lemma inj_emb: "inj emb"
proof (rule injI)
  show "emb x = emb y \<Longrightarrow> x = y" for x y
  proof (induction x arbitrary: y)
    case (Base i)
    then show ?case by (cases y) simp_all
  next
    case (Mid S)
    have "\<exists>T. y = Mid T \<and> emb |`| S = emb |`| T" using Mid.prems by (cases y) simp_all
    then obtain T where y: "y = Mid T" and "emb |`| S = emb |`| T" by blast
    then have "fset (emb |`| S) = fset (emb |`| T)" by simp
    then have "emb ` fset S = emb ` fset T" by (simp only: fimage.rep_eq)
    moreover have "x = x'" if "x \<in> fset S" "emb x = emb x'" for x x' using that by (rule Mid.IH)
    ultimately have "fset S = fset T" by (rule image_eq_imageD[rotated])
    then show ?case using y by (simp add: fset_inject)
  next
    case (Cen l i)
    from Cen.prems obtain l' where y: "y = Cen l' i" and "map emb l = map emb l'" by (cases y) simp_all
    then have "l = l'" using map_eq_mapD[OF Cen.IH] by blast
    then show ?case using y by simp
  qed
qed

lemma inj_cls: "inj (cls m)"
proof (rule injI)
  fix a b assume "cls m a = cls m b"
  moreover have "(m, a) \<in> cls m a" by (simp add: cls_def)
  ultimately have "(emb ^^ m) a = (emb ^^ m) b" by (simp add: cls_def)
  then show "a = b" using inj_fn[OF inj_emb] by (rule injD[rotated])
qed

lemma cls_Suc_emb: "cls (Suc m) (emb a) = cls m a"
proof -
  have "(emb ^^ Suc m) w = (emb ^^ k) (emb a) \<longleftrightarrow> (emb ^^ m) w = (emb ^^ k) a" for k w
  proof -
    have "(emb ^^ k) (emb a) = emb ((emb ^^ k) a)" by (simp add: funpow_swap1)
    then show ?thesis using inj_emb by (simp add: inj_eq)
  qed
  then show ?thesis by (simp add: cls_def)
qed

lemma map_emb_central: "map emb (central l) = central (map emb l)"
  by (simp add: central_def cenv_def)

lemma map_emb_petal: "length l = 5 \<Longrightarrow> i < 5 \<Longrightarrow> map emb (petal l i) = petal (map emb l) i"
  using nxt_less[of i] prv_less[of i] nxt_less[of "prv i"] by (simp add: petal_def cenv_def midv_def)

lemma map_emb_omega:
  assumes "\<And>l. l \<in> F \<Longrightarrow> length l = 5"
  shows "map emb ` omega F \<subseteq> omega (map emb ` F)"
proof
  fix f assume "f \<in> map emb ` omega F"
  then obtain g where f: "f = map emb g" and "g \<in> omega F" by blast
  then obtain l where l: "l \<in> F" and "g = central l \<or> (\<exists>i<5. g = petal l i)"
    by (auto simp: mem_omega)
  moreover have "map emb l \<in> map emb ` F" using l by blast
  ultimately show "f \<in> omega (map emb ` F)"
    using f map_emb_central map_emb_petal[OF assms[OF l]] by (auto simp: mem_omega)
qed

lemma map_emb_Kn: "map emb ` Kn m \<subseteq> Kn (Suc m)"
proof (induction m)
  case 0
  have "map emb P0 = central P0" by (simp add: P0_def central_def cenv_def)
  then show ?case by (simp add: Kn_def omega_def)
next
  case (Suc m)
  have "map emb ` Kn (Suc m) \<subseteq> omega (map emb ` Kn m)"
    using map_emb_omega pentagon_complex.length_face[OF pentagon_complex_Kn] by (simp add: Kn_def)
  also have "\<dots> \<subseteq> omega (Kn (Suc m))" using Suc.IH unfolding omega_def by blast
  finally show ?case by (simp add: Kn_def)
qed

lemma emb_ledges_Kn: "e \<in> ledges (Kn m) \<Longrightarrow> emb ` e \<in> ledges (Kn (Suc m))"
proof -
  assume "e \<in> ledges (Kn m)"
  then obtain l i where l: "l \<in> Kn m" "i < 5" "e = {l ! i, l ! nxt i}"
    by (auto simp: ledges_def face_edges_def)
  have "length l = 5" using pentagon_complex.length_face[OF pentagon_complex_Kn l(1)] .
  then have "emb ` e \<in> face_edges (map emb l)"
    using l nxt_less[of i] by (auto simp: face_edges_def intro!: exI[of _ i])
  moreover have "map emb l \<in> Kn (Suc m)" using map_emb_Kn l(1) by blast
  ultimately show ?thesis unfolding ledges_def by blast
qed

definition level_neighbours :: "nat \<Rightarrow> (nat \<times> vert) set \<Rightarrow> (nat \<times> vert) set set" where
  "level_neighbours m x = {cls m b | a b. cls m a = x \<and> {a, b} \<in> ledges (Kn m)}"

.....

### [BRIEF]
Restate the material above exactly, leaving nothing out.

### [SOLUTION TO THE PROBLEM]
lemma inj_emb: "inj emb"
proof (rule injI)
  show "emb x = emb y \<Longrightarrow> x = y" for x y
  proof (induction x arbitrary: y)
    case (Base i)
    then show ?case by (cases y) simp_all
  next
    case (Mid S)
    have "\<exists>T. y = Mid T \<and> emb |`| S = emb |`| T" using Mid.prems by (cases y) simp_all
    then obtain T where y: "y = Mid T" and "emb |`| S = emb |`| T" by blast
    then have "fset (emb |`| S) = fset (emb |`| T)" by simp
    then have "emb ` fset S = emb ` fset T" by (simp only: fimage.rep_eq)
    moreover have "x = x'" if "x \<in> fset S" "emb x = emb x'" for x x' using that by (rule Mid.IH)
    ultimately have "fset S = fset T" by (rule image_eq_imageD[rotated])
    then show ?case using y by (simp add: fset_inject)
  next
    case (Cen l i)
    from Cen.prems obtain l' where y: "y = Cen l' i" and "map emb l = map emb l'" by (cases y) simp_all
    then have "l = l'" using map_eq_mapD[OF Cen.IH] by blast
    then show ?case using y by simp
  qed
qed

lemma inj_cls: "inj (cls m)"
proof (rule injI)
  fix a b assume "cls m a = cls m b"
  moreover have "(m, a) \<in> cls m a" by (simp add: cls_def)
  ultimately have "(emb ^^ m) a = (emb ^^ m) b" by (simp add: cls_def)
  then show "a = b" using inj_fn[OF inj_emb] by (rule injD[rotated])
qed

lemma cls_Suc_emb: "cls (Suc m) (emb a) = cls m a"
proof -
  have "(emb ^^ Suc m) w = (emb ^^ k) (emb a) \<longleftrightarrow> (emb ^^ m) w = (emb ^^ k) a" for k w
  proof -
    have "(emb ^^ k) (emb a) = emb ((emb ^^ k) a)" by (simp add: funpow_swap1)
    then show ?thesis using inj_emb by (simp add: inj_eq)
  qed
  then show ?thesis by (simp add: cls_def)
qed

lemma map_emb_central: "map emb (central l) = central (map emb l)"
  by (simp add: central_def cenv_def)

lemma map_emb_petal: "length l = 5 \<Longrightarrow> i < 5 \<Longrightarrow> map emb (petal l i) = petal (map emb l) i"
  using nxt_less[of i] prv_less[of i] nxt_less[of "prv i"] by (simp add: petal_def cenv_def midv_def)

lemma map_emb_omega:
  assumes "\<And>l. l \<in> F \<Longrightarrow> length l = 5"
  shows "map emb ` omega F \<subseteq> omega (map emb ` F)"
proof
  fix f assume "f \<in> map emb ` omega F"
  then obtain g where f: "f = map emb g" and "g \<in> omega F" by blast
  then obtain l where l: "l \<in> F" and "g = central l \<or> (\<exists>i<5. g = petal l i)"
    by (auto simp: mem_omega)
  moreover have "map emb l \<in> map emb ` F" using l by blast
  ultimately show "f \<in> omega (map emb ` F)"
    using f map_emb_central map_emb_petal[OF assms[OF l]] by (auto simp: mem_omega)
qed

lemma map_emb_Kn: "map emb ` Kn m \<subseteq> Kn (Suc m)"
proof (induction m)
  case 0
  have "map emb P0 = central P0" by (simp add: P0_def central_def cenv_def)
  then show ?case by (simp add: Kn_def omega_def)
next
  case (Suc m)
  have "map emb ` Kn (Suc m) \<subseteq> omega (map emb ` Kn m)"
    using map_emb_omega pentagon_complex.length_face[OF pentagon_complex_Kn] by (simp add: Kn_def)
  also have "\<dots> \<subseteq> omega (Kn (Suc m))" using Suc.IH unfolding omega_def by blast
  finally show ?case by (simp add: Kn_def)
qed

lemma emb_ledges_Kn: "e \<in> ledges (Kn m) \<Longrightarrow> emb ` e \<in> ledges (Kn (Suc m))"
proof -
  assume "e \<in> ledges (Kn m)"
  then obtain l i where l: "l \<in> Kn m" "i < 5" "e = {l ! i, l ! nxt i}"
    by (auto simp: ledges_def face_edges_def)
  have "length l = 5" using pentagon_complex.length_face[OF pentagon_complex_Kn l(1)] .
  then have "emb ` e \<in> face_edges (map emb l)"
    using l nxt_less[of i] by (auto simp: face_edges_def intro!: exI[of _ i])
  moreover have "map emb l \<in> Kn (Suc m)" using map_emb_Kn l(1) by blast
  ultimately show ?thesis unfolding ledges_def by blast
qed

definition level_neighbours :: "nat \<Rightarrow> (nat \<times> vert) set \<Rightarrow> (nat \<times> vert) set set" where
  "level_neighbours m x = {cls m b | a b. cls m a = x \<and> {a, b} \<in> ledges (Kn m)}"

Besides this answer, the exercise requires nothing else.